(Prompt) List all lines in the material below that contain "from".

#### Stored data ####

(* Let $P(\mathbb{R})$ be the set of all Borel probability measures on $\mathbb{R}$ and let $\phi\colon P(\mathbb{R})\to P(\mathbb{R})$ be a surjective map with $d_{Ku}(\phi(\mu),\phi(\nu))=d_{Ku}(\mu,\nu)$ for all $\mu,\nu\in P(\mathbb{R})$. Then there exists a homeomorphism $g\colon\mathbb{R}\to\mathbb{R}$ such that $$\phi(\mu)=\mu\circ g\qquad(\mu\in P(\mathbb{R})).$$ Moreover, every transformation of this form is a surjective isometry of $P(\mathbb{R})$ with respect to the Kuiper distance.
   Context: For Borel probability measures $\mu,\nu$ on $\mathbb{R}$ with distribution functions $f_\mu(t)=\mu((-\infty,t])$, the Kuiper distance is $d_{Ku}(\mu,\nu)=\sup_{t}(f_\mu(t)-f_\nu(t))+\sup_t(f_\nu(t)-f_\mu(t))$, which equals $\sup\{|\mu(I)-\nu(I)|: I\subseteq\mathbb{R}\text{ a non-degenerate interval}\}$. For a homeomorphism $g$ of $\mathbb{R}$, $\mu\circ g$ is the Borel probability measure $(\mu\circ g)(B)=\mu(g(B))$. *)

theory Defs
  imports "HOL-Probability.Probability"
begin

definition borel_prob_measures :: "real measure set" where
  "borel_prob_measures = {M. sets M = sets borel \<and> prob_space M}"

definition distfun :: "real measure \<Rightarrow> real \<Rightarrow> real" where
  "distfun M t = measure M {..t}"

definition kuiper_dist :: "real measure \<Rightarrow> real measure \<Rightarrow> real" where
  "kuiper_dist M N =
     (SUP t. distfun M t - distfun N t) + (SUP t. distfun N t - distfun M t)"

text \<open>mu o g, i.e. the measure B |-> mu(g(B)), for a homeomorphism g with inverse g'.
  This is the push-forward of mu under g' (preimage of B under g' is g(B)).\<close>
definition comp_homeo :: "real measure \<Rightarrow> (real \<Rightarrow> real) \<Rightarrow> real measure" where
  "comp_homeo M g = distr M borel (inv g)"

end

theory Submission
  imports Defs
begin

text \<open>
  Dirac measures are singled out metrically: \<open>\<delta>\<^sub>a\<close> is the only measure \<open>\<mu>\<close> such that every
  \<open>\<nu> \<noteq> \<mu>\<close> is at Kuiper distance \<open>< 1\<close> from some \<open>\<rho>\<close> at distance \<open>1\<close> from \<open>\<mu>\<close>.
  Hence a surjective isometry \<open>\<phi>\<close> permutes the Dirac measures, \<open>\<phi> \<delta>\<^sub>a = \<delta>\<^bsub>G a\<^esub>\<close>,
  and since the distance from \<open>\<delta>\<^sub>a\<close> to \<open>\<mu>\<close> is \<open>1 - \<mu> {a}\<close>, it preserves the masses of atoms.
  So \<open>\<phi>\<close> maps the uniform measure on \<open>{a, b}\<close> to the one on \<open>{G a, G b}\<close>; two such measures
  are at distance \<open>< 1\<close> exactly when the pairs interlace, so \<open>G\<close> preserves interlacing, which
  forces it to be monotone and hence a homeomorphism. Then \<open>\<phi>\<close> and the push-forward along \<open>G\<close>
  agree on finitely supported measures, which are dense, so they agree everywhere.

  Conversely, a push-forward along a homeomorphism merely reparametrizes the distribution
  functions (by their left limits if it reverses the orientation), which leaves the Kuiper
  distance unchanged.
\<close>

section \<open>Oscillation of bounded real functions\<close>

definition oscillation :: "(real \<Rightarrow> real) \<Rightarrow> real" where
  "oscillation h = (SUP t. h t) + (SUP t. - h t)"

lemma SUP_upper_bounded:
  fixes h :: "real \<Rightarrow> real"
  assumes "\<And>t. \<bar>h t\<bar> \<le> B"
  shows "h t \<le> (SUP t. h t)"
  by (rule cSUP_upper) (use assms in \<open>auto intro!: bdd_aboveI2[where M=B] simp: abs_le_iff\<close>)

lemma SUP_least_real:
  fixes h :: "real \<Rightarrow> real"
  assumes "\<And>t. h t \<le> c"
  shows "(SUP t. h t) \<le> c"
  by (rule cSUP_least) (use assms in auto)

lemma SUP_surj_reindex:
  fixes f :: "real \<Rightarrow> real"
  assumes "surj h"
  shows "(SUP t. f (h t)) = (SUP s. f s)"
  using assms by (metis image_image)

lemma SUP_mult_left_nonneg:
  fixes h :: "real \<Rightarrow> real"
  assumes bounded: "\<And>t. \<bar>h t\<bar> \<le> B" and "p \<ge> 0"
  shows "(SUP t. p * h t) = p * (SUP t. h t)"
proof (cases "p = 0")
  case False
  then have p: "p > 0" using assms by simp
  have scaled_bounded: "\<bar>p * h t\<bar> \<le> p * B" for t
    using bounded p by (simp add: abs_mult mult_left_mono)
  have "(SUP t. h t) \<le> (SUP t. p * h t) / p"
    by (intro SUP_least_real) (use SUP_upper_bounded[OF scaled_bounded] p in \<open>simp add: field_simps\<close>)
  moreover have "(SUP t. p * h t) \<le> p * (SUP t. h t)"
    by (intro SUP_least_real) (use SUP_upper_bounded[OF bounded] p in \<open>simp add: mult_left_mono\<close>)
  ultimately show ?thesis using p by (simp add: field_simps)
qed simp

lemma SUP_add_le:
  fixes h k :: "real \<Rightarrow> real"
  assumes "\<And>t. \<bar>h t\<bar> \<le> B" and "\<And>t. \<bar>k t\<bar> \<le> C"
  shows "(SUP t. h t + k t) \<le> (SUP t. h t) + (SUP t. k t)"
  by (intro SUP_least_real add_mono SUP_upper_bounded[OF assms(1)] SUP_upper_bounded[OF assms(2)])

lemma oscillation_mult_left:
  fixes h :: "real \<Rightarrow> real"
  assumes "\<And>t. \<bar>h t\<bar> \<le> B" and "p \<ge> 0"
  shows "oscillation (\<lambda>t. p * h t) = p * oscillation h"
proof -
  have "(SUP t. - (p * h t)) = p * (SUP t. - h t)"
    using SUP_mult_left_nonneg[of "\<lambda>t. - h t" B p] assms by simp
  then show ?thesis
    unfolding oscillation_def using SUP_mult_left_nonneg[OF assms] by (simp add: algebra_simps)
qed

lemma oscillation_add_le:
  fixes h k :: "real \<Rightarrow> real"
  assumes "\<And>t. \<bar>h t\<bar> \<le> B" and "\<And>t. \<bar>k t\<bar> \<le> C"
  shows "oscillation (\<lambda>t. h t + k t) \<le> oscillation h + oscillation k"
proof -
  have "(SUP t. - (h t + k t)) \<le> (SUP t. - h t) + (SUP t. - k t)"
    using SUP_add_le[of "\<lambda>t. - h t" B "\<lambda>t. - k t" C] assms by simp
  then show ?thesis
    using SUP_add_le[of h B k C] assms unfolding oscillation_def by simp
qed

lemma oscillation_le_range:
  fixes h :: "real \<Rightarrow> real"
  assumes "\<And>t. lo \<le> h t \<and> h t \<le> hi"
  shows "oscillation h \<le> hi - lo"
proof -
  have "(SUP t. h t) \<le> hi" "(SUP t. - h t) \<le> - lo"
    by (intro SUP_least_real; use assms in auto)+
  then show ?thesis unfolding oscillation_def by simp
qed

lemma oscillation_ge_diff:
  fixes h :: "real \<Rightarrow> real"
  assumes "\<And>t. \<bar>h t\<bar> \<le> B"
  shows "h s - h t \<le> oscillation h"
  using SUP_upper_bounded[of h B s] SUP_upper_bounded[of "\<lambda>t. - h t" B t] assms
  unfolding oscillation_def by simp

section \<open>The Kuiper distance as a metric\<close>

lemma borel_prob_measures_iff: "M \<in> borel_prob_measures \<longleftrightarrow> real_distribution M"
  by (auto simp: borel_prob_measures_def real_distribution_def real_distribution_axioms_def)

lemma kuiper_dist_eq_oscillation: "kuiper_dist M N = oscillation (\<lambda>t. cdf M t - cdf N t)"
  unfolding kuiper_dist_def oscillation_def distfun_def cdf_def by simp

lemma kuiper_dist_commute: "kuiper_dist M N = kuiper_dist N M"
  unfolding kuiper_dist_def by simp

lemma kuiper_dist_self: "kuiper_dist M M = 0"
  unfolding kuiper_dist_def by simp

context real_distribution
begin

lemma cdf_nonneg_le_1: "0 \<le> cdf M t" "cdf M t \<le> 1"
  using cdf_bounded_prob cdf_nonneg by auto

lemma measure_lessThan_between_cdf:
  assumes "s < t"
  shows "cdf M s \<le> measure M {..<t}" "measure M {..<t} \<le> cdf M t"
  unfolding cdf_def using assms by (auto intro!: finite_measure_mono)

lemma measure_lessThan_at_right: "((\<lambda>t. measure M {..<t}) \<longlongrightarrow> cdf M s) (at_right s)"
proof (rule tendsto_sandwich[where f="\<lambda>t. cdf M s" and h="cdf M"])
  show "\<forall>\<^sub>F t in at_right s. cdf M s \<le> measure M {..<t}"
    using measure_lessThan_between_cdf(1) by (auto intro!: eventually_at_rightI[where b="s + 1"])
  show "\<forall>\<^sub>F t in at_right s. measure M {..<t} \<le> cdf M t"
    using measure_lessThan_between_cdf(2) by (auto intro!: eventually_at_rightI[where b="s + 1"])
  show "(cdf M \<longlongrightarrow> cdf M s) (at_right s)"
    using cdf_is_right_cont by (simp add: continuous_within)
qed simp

####

(Solved problem)
  \<open>\<nu> \<noteq> \<mu>\<close> is at Kuiper distance \<open>< 1\<close> from some \<open>\<rho>\<close> at distance \<open>1\<close> from \<open>\<mu>\<close>.
  and since the distance from \<open>\<delta>\<^sub>a\<close> to \<open>\<mu>\<close> is \<open>1 - \<mu> {a}\<close>, it preserves the masses of atoms.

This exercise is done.